Sarah Palin: Marco Rubio 'Pelosi'-ing the Immigration Bill
Around the State
Despite his best efforts to rally conservatives behind immigration reform, U.S. Sen. Marco Rubio, R-Fla., is starting to feel the heat from the right, drawing heavy fire even from previous conservative ally Sarah Palin, and weakening his position with Republicans across the nation.
On Sunday and Monday, the former Alaska governor, best known for being the vice presidential candidate on the Republican ticket in 2008, ripped into Rubio and his immigration reform proposal.
“I am an ardent supporter of legal immigration,” Palin insisted. “I’m proud that our country is so desirable that it has been a melting pot making a diverse people united as the most exceptional nation on earth for over two centuries. But I join every American with an ounce of common sense insisting that any discussion about immigration must center on a secure border. The amnesty bill before the Senate is completely toothless on border security.”
Palin called out Rubio, who is expected to run for the Republican presidential nomination in 2016, by name -- while talking up one of his possible rivals, U.S. Sen. Rand Paul, R-Ky.
“It’s beyond disingenuous for anyone to claim that a vote for this bill is a vote for security,” Palin wrote. “ Look no further than the fact that Senator Rubio and amnesty supporters nixed Senator Thune’s amendment that required the feds to finally build part of a needed security fence before moving forward on the status of illegal immigrants who’ve already broken the law to be here.

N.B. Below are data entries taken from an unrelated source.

(* Fix $N\ge1$ and let $\mathbf{F}$ be either $\mathbf{F}^{\rm Midpt}$ or $\mathbf{F}^{\rm Mass}$ (defined in the context). Given an initial condition $\mathbf{b}_0\in\mathbb{C}^N$, there exists $\Delta t_1>0$ such that for any fixed $\Delta t\le\Delta t_1$ the scheme $\mathbf{b}_{n+1}=\mathbf{b}_n+\Delta t\,\mathbf{F}(\mathbf{b}_n,\mathbf{b}_{n+1})$ can always be solved: for every $n\ge0$, the iterate $\mathbf{b}_{n+1}$ exists.
   Context: For $\mathbf{b}_n,\mathbf{b}_{n+1}\in\mathbb{C}^N$ with components $b_{j,n},b_{j,n+1}$, set $b_{0,m}=b_{N+1,m}=0$ for $m\in\{n,n+1\}$, and define $b_{j,n+1/2}=\tfrac12(b_{j,n}+b_{j,n+1})$, $|b|^2_{j,n+1/2}=\tfrac12(|b_{j,n}|^2+|b_{j,n+1}|^2)$. For $j=1,\dots,N$: $F^{\rm Midpt}_j=-i|b_{j,n+1/2}|^2b_{j,n+1/2}+2i\,\overline{b_{j,n+1/2}}(b_{j-1,n+1/2}^2+b_{j+1,n+1/2}^2)$ (implicit midpoint); $F^{\rm Mass}_j=-i|b|^2_{j,n+1/2}b_{j,n+1/2}+2i\,\overline{b_{j,n+1/2}}(b_{j+1,n+1/2}^2+b_{j-1,n+1/2}^2)$ (modified midpoint). Both are discretizations of the toy model system $-i\dot b_j=-|b_j|^2b_j+2b_{j-1}^2\bar b_j+2b_{j+1}^2\bar b_j$, $b_0=b_{N+1}=0$, and both exactly conserve the mass $\sum_j|b_{j,n}|^2$; they are the "mass preserving schemes". *)

theory Defs
  imports Complex_Main
begin

text \<open>A vector in C^N is represented as a function nat => complex whose
  components are b 1, ..., b N; components 0 and N+1 (and beyond) are zero,
  which encodes the boundary convention b_0 = b_{N+1} = 0.\<close>

definition vecN :: "nat \<Rightarrow> (nat \<Rightarrow> complex) \<Rightarrow> bool" where
  "vecN N b \<longleftrightarrow> (\<forall>j. (j = 0 \<or> N < j) \<longrightarrow> b j = 0)"

definition bmid :: "nat \<Rightarrow> (nat \<Rightarrow> complex) \<Rightarrow> (nat \<Rightarrow> complex) \<Rightarrow> nat \<Rightarrow> complex" where
  "bmid N x y j = (if 1 \<le> j \<and> j \<le> N then (x j + y j) / 2 else 0)"

definition absq_mid :: "(nat \<Rightarrow> complex) \<Rightarrow> (nat \<Rightarrow> complex) \<Rightarrow> nat \<Rightarrow> real" where
  "absq_mid x y j = ((cmod (x j))\<^sup>2 + (cmod (y j))\<^sup>2) / 2"

definition F_midpt :: "nat \<Rightarrow> (nat \<Rightarrow> complex) \<Rightarrow> (nat \<Rightarrow> complex) \<Rightarrow> nat \<Rightarrow> complex" where
  "F_midpt N x y j =
     (let m = bmid N x y in
      - \<i> * complex_of_real ((cmod (m j))\<^sup>2) * m j
      + 2 * \<i> * cnj (m j) * ((m (j - 1))\<^sup>2 + (m (j + 1))\<^sup>2))"

definition F_mass :: "nat \<Rightarrow> (nat \<Rightarrow> complex) \<Rightarrow> (nat \<Rightarrow> complex) \<Rightarrow> nat \<Rightarrow> complex" where
  "F_mass N x y j =
     (let m = bmid N x y in
      - \<i> * complex_of_real (absq_mid x y j) * m j
      + 2 * \<i> * cnj (m j) * ((m (j + 1))\<^sup>2 + (m (j - 1))\<^sup>2))"

definition scheme_step ::
  "(nat \<Rightarrow> (nat \<Rightarrow> complex) \<Rightarrow> (nat \<Rightarrow> complex) \<Rightarrow> nat \<Rightarrow> complex)
   \<Rightarrow> nat \<Rightarrow> real \<Rightarrow> (nat \<Rightarrow> complex) \<Rightarrow> (nat \<Rightarrow> complex) \<Rightarrow> bool" where
  "scheme_step F N dt x y \<longleftrightarrow>
     vecN N y \<and> (\<forall>j\<in>{1..N}. y j = x j + complex_of_real dt * F N x y j)"

end

theory Submission
  imports Defs
begin

text \<open>Both schemes conserve the mass \<Sum>j |b j|^2 exactly, so every iterate has all entries
  bounded by r = sqrt (mass b0). For x with entries bounded by r, the implicit step
  y = x + dt F(x, y) is a fixed point problem; on the vectors with entries bounded by R = r + 1
  the map u \<mapsto> x + dt F(x, u) maps this set into itself and halves l1 distances once
  dt (5 R^3 + 30 N R^2) \<le> 1, so Picard iteration converges. Since the mass never changes,
  one such dt works for all steps.\<close>

lemma abs_norm_power2_diff_le:
  fixes a b :: "'a::real_normed_vector"
  assumes "norm a \<le> R" "norm b \<le> R" "norm (a - b) \<le> d"
  shows "\<bar>(norm a)\<^sup>2 - (norm b)\<^sup>2\<bar> \<le> 2 * R * d"
proof -
  have "(norm a)\<^sup>2 - (norm b)\<^sup>2 = (norm a - norm b) * (norm a + norm b)"
    by (simp add: power2_eq_square algebra_simps)
  then have "\<bar>(norm a)\<^sup>2 - (norm b)\<^sup>2\<bar> = \<bar>norm a - norm b\<bar> * (norm a + norm b)"
    by (simp add: abs_mult)
  also have "\<dots> \<le> d * (2 * R)"
    using norm_triangle_ineq3[of a b] assms by (intro mult_mono) auto
  finally show ?thesis by (simp add: mult_ac)
qed

lemma norm_mult3_diff_le:
  fixes a1 a2 a3 b1 b2 b3 :: "'a::real_normed_div_algebra"
  assumes "norm a2 \<le> R" "norm a3 \<le> R" "norm b1 \<le> R" "norm b2 \<le> R"
  shows "norm (a1 * a2 * a3 - b1 * b2 * b3) \<le> R\<^sup>2 * (norm (a1 - b1) + norm (a2 - b2) + norm (a3 - b3))"
proof -
  have R: "0 \<le> R" using assms(1) norm_ge_zero order_trans by blast
  have "a1 * a2 * a3 - b1 * b2 * b3 = (a1 - b1) * a2 * a3 + b1 * (a2 - b2) * a3 + b1 * b2 * (a3 - b3)"
    by (simp add: algebra_simps)
  then have "norm (a1 * a2 * a3 - b1 * b2 * b3)
      \<le> norm ((a1 - b1) * a2 * a3) + norm (b1 * (a2 - b2) * a3) + norm (b1 * b2 * (a3 - b3))"
    by (simp add: norm_triangle_le add_mono norm_triangle_ineq)
  also have "\<dots> \<le> norm (a1 - b1) * R * R + R * norm (a2 - b2) * R + R * R * norm (a3 - b3)"
    unfolding norm_mult using assms R by (intro add_mono mult_mono) auto
  finally show ?thesis by (simp add: power2_eq_square algebra_simps)
qed
section \<open>The gap argument\<close>

text \<open>By induction on i,
  coefficient n - i of Phi reduces to A_(s-i) B_u + A_s B_(u-i) = 0, so A_s divides A_(s-i),
  which has lower degree.\<close>
lemma components_below_top_vanish:
  fixes A B Phi :: "'b::field_gcd poly poly poly poly"
  assumes AB: "A * B = Phi"
    and dA: "degree A = s" and dB: "degree B = u" and su: "s \<le> u"
    and gap: "\<And>e. n - G < e \<Longrightarrow> e < n \<Longrightarrow> coeff Phi e = 0" and n: "n = s + u" and sG: "s < G"
    and cop: "coprime (coeff A s) (coeff B u)"
    and homA: "\<And>i. homog (coeff A i) = monom (coeff A i) i"
    and homB: "\<And>i. homog (coeff B i) = monom (coeff B i) i"
  shows "1 \<le> i \<Longrightarrow> i \<le> s \<Longrightarrow> coeff A (s - i) = 0 \<and> coeff B (u - i) = 0"
proof (induction i rule: less_induct)
  case (less i)
  define f where "f a = coeff A a * coeff B (n - i - a)" for a
  have f_zero: "f a = 0" if "a \<le> n - i" "a \<noteq> s - i" "a \<noteq> s" for a
  proof (cases "s < a")
    case True then show ?thesis by (simp add: f_def coeff_eq_0 dA)
  next
    case False
    show ?thesis
    proof (cases "a < s - i")
      case True
      then have "u < n - i - a" using less.prems n by linarith
      then show ?thesis by (simp add: f_def coeff_eq_0 dB)
    next
      case False
      define i' where "i' = s - a"
      have "1 \<le> i'" "i' < i" "a = s - i'"
        using False \<open>\<not> s < a\<close> that less.prems unfolding i'_def by auto
      then have "coeff A a = 0" using less.IH[of i'] less.prems by auto
      then show ?thesis by (simp add: f_def)
    qed
  qed
  have "coeff Phi (n - i) = (\<Sum>a\<le>n - i. f a)"
    unfolding AB[symmetric] coeff_mult f_def by simp
  also have "\<dots> = (\<Sum>a\<in>{s - i, s}. f a)"
    by (rule sum.mono_neutral_right) (use f_zero less.prems n su in auto)
  also have "\<dots> = f (s - i) + f s" using less.prems by simp
  also have "\<dots> = coeff A (s - i) * coeff B u + coeff A s * coeff B (u - i)"
    unfolding f_def using less.prems n su by (simp add: algebra_simps)
  finally have "coeff Phi (n - i) = coeff A (s - i) * coeff B u + coeff A s * coeff B (u - i)" .
  moreover have "coeff Phi (n - i) = 0"
    by (rule gap) (use less.prems sG n su in linarith)+
  ultimately have eq: "coeff A (s - i) * coeff B u = - (coeff A s * coeff B (u - i))"
    by (simp add: eq_neg_iff_add_eq_0)
  have "coeff A s dvd coeff A (s - i) * coeff B u" unfolding eq by simp
  then have dA_low: "coeff A s dvd coeff A (s - i)" using cop coprime_dvd_mult_left_iff by blast
  have "coeff B u dvd coeff A s * coeff B (u - i)"
    using eq by (metis dvd_minus_iff dvd_triv_right)
  then have dB_low: "coeff B u dvd coeff B (u - i)"
    using cop coprime_dvd_mult_right_iff coprime_commute by blast
  have "coeff A (s - i) = 0"
    by (rule homogeneous_dvd_lower_degree[OF homA homA _ dA_low]) (use less.prems in auto)
  moreover have "coeff B (u - i) = 0"
    by (rule homogeneous_dvd_lower_degree[OF homB homB _ dB_low]) (use less.prems su in auto)
  ultimately show ?case by simp
qed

"And if shooting down the border fence wasn't proof enough, they blew another chance by killing Senator Paul’s ‘Trust But Verify’ amendment which required the completion of a fence in five years and required Congress to vote on whether the border is actually secure before furthering any immigration measures. And then they blew it yet again, nixing Senator Cornyn’s ‘Results’ amendment, which also required border enforcement standards. Now the Senate’s pro-amnesty crowd is offering a fig leaf to security via the Corker-Hoeven Amendment, but this is really nothing more than empty promises. It’s amnesty right now and border security … eh, well, someday.”
Palin promised to make immigration a major issue in the 2014 election cycle, comparing it to 2010 when the tea party movement helped propel Republican gains as Americans rallied against President Barack Obama’s federal health-care law.
“As the Senate moves to pass amnesty, the only bright spot in this travesty is the rallying revolution we can look forward to,” Palin wrote on Monday. “For just as opposition to Obamacare became a rallying cry for the 2010 midterm elections, opposition to this fundamentally transforming amnesty bill will galvanize the grass roots in next year’s elections. And 2014 is just around the corner.”
Nor was this Palin’s only attack on Rubio in recent days. On Sunday, Palin highlighted a story from Townhall.com which insisted Rubio shifted his position on immigration between when he ran for the Senate in 2010 and today.
“Politicians wonder why we can't trust them?” Palin demanded on Facebook on Sunday before including Alaska’s two U.S. senators -- Democrat Mark Begich and Republican Lisa Murkowski. “Campaign flip-flops like this and carve-out bribes in the Amnesty Bill for politicians like Begich and Murkowski to exempt Alaska seafood workers.”
For his part, Rubio continues to try to win conservatives over to his immigration reform bill. On Monday he took to the pages of Human Events which, for decades, has been a leading conservative journal. Rubio returned to the theme of American exceptionalism in his essay.
“America is a special country,” Rubio wrote. “It’s so special that people want to come here from all over the world, and they are able to because we have always been a welcoming society. In fact, over 1 million people come legally every single year. No other country comes even close to us, and we are a stronger, more prosperous and more dynamic country because of it. We also understand that America is so special and unique that some people are willing to risk their lives to come here illegally. And as compassionate people, we understand that reality and the desperation that usually drives it, and our heart breaks at the stories of what people have to go through to come here.
“Unfortunately, decades of broken promises have led to a crisis on our southern border and an illegal immigrant population of 11 million people living in de facto amnesty,” Rubio continued. “This situation hurts America, and it’s why strong border security and enforcement measures must be an important part of the Senate immigration bill currently being debate.”
The immigration reform bill is expected to pass the Senate this week with perhaps as many as 70 votes -- far more than the 60 needed to break a filibuster. But its fate in the Republican-controlled House remains uncertain.
In the meantime, a new poll finds Rubio is starting to become increasingly less popular with conservatives as he continues to be front and center on immigration reform -- showing that his high visibility on the issue could hurt his chances for the White House in 2016.
A Rasmussen Reports poll released on Monday finds 58 percent of Republicans across the nation have a favorable view of Rubio -- down from 68 percent in a Rasmussen poll from May. Rubio is seen as unfavorable by 16 percent of Republicans while 25 percent are undecided.
The poll of 1,000 likely voters was taken from June 20-21 and had a margin of error of +/- 3 percent.